What the exercise asks: Reproduce word for word, from the entries below, the line with "unfolding split using", the line with "using E graph_on_finite_edges", and every line between them, and nothing more.

Data in this exercise:
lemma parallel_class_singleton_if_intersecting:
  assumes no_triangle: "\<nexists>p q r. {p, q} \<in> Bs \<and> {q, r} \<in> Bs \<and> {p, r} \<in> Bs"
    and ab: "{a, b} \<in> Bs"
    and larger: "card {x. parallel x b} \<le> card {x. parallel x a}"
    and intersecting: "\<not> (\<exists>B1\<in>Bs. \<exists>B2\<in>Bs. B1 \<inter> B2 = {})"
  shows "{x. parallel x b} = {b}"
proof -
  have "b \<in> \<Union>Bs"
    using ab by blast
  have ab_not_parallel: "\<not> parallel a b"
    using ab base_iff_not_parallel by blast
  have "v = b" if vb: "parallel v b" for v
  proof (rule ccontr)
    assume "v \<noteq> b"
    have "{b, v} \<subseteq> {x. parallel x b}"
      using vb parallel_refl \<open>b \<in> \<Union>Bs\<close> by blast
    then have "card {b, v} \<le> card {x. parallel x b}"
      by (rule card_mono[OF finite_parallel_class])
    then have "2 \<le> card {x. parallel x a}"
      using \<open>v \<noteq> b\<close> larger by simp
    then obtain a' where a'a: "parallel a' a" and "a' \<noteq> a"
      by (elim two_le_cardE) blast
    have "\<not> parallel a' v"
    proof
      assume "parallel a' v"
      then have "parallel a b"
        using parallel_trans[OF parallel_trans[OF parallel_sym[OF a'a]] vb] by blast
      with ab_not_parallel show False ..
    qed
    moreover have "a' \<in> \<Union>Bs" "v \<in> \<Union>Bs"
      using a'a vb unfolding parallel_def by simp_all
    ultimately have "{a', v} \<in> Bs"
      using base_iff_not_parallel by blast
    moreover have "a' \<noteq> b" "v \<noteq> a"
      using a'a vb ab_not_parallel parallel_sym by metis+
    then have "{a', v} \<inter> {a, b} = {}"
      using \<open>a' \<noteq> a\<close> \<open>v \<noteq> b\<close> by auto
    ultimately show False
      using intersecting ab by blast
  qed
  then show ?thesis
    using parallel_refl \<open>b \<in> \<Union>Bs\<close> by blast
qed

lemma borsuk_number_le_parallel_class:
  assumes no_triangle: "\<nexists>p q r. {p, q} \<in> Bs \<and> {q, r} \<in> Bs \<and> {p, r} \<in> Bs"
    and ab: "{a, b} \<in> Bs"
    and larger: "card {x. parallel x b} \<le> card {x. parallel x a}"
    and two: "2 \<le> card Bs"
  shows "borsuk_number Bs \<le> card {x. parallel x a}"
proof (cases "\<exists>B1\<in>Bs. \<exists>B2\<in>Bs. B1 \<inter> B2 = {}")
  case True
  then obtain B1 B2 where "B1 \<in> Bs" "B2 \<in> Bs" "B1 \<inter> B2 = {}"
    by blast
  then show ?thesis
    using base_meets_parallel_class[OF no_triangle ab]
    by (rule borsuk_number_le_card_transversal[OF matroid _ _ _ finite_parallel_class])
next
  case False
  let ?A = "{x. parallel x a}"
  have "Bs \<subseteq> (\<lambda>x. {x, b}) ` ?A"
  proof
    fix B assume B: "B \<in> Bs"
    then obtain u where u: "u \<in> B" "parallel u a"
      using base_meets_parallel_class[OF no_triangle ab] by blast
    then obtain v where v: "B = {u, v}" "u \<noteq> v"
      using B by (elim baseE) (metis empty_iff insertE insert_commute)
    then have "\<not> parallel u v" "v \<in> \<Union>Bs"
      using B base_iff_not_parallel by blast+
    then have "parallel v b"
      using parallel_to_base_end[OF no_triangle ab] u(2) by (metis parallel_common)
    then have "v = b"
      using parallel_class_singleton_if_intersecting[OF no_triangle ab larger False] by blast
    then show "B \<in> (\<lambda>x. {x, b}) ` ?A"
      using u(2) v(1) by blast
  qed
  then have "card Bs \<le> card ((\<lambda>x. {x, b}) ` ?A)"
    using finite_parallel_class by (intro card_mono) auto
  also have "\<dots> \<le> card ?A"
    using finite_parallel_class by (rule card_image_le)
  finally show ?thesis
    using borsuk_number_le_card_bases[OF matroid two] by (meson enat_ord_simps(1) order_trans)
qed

...

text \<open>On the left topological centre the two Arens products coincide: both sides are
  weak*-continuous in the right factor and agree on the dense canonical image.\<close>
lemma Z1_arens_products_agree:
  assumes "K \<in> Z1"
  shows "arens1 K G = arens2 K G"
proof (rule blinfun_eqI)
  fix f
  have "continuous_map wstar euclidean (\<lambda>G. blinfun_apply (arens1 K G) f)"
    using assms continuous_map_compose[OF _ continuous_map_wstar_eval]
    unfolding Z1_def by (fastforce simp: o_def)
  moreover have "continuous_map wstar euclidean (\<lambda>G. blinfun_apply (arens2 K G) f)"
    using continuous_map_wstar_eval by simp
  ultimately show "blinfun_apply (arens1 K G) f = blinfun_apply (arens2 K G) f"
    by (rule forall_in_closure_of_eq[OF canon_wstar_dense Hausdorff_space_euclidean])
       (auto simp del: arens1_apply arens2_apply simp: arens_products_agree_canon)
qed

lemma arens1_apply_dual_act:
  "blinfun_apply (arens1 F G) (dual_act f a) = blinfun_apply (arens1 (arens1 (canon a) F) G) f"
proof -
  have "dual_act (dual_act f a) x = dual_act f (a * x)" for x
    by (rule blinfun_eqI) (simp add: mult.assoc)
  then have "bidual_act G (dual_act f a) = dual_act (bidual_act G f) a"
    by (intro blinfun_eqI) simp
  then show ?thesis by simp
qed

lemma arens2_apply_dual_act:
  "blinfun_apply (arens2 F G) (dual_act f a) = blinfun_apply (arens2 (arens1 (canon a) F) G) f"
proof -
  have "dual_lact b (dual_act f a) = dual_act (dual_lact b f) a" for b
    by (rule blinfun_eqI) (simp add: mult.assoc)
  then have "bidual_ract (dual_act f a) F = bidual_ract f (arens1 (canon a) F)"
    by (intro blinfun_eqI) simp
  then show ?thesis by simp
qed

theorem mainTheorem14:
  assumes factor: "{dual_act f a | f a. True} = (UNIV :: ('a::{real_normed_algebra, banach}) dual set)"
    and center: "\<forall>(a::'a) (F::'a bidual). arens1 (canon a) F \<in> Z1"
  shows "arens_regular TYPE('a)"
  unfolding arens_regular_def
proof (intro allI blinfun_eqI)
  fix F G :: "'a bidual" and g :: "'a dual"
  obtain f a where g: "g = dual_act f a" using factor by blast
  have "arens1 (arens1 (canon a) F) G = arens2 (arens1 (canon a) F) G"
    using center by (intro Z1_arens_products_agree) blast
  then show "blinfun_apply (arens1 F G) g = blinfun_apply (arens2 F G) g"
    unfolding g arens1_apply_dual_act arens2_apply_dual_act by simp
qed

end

--

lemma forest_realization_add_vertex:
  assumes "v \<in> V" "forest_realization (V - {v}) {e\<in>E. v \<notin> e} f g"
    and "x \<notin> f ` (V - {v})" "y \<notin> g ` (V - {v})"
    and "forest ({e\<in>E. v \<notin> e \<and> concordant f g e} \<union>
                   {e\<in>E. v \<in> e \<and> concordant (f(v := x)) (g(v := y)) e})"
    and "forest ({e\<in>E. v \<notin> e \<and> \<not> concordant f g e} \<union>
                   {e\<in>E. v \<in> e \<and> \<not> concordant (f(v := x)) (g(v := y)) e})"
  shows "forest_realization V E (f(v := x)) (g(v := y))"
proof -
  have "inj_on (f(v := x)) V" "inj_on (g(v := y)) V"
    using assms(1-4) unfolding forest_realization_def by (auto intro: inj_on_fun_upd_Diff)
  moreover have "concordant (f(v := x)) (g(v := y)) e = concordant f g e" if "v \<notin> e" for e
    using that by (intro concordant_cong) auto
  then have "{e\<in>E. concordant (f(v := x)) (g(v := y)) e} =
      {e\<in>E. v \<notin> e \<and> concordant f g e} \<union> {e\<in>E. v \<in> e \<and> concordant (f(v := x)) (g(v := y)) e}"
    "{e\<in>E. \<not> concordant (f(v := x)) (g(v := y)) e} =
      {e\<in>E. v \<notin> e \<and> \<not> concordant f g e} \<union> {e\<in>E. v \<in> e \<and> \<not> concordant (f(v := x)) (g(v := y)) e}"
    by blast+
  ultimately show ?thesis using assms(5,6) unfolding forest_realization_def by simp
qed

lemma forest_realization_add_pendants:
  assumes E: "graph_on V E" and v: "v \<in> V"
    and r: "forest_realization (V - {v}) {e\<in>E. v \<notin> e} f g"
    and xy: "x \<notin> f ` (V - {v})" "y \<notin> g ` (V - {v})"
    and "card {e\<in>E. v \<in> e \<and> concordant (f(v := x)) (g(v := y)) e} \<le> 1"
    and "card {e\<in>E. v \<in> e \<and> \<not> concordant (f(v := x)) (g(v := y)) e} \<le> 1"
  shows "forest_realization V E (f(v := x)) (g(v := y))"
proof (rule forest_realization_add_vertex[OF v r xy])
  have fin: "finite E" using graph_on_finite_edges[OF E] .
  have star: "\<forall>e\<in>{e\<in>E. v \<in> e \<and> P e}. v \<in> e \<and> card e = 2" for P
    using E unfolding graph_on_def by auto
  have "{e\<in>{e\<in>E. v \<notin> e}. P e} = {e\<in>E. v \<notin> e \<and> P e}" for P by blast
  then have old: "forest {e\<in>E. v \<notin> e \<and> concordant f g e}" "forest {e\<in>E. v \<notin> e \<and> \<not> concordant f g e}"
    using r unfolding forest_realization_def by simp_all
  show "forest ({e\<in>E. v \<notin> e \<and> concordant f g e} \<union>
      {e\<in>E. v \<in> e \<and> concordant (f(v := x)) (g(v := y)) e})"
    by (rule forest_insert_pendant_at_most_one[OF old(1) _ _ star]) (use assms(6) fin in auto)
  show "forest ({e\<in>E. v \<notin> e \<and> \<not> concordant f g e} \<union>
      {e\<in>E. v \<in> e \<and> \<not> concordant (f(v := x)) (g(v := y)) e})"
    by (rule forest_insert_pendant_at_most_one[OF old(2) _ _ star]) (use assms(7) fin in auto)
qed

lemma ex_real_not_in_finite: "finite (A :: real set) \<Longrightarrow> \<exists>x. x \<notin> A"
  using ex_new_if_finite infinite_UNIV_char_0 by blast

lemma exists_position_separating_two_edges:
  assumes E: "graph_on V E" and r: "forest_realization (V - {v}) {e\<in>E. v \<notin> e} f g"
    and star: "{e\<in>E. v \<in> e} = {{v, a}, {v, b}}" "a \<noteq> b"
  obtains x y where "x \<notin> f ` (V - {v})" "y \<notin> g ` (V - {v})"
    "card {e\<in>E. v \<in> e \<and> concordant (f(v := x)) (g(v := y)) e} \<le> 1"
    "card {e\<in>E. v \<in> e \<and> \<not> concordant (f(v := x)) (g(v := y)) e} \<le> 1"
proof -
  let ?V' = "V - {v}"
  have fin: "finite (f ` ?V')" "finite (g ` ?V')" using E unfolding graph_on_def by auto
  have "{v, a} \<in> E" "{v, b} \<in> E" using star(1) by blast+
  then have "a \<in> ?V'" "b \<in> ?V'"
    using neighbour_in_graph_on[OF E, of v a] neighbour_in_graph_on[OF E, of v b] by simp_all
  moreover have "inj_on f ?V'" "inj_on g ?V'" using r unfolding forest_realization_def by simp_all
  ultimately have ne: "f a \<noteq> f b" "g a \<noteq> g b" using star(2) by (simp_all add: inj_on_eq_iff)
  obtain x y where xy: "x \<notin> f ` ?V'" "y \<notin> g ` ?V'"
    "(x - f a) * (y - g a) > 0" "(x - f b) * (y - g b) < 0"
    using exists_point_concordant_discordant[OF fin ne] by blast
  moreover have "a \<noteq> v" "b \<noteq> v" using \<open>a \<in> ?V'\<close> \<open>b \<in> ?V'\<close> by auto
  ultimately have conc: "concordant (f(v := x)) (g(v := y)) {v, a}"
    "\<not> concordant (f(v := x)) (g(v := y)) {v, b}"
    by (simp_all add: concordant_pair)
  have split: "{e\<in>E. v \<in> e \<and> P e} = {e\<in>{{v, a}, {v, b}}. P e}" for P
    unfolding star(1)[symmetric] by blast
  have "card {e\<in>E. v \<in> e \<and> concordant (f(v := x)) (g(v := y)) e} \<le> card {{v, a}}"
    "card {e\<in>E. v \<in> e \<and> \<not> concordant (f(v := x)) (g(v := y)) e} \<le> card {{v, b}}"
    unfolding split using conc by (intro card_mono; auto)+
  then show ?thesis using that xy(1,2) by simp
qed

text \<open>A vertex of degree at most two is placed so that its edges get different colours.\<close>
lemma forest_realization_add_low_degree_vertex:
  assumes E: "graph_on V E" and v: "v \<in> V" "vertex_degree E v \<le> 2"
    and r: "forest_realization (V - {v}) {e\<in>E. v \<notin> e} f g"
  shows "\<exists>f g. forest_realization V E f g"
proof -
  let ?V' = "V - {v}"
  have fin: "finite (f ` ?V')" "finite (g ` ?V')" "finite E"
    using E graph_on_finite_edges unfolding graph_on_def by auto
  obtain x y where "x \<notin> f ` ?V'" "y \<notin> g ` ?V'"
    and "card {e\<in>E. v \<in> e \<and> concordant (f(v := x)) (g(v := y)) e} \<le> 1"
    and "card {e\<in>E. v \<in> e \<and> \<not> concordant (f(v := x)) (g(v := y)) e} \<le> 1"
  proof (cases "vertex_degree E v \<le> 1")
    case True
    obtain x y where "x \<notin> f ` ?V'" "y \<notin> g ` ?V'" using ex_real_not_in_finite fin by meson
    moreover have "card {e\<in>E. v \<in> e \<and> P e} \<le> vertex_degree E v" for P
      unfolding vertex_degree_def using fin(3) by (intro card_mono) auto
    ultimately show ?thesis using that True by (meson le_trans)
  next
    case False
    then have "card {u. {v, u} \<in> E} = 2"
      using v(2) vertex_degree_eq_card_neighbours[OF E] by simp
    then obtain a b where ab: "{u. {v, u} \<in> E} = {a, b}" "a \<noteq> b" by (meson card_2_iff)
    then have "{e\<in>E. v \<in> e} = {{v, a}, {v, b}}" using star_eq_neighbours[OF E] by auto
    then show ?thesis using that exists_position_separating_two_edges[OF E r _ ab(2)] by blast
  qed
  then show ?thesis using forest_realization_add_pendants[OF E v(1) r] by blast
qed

Exercise result:
    unfolding split using conc by (intro card_mono; auto)+
  then show ?thesis using that xy(1,2) by simp
qed

text \<open>A vertex of degree at most two is placed so that its edges get different colours.\<close>
lemma forest_realization_add_low_degree_vertex:
  assumes E: "graph_on V E" and v: "v \<in> V" "vertex_degree E v \<le> 2"
    and r: "forest_realization (V - {v}) {e\<in>E. v \<notin> e} f g"
  shows "\<exists>f g. forest_realization V E f g"
proof -
  let ?V' = "V - {v}"
  have fin: "finite (f ` ?V')" "finite (g ` ?V')" "finite E"
    using E graph_on_finite_edges unfolding graph_on_def by auto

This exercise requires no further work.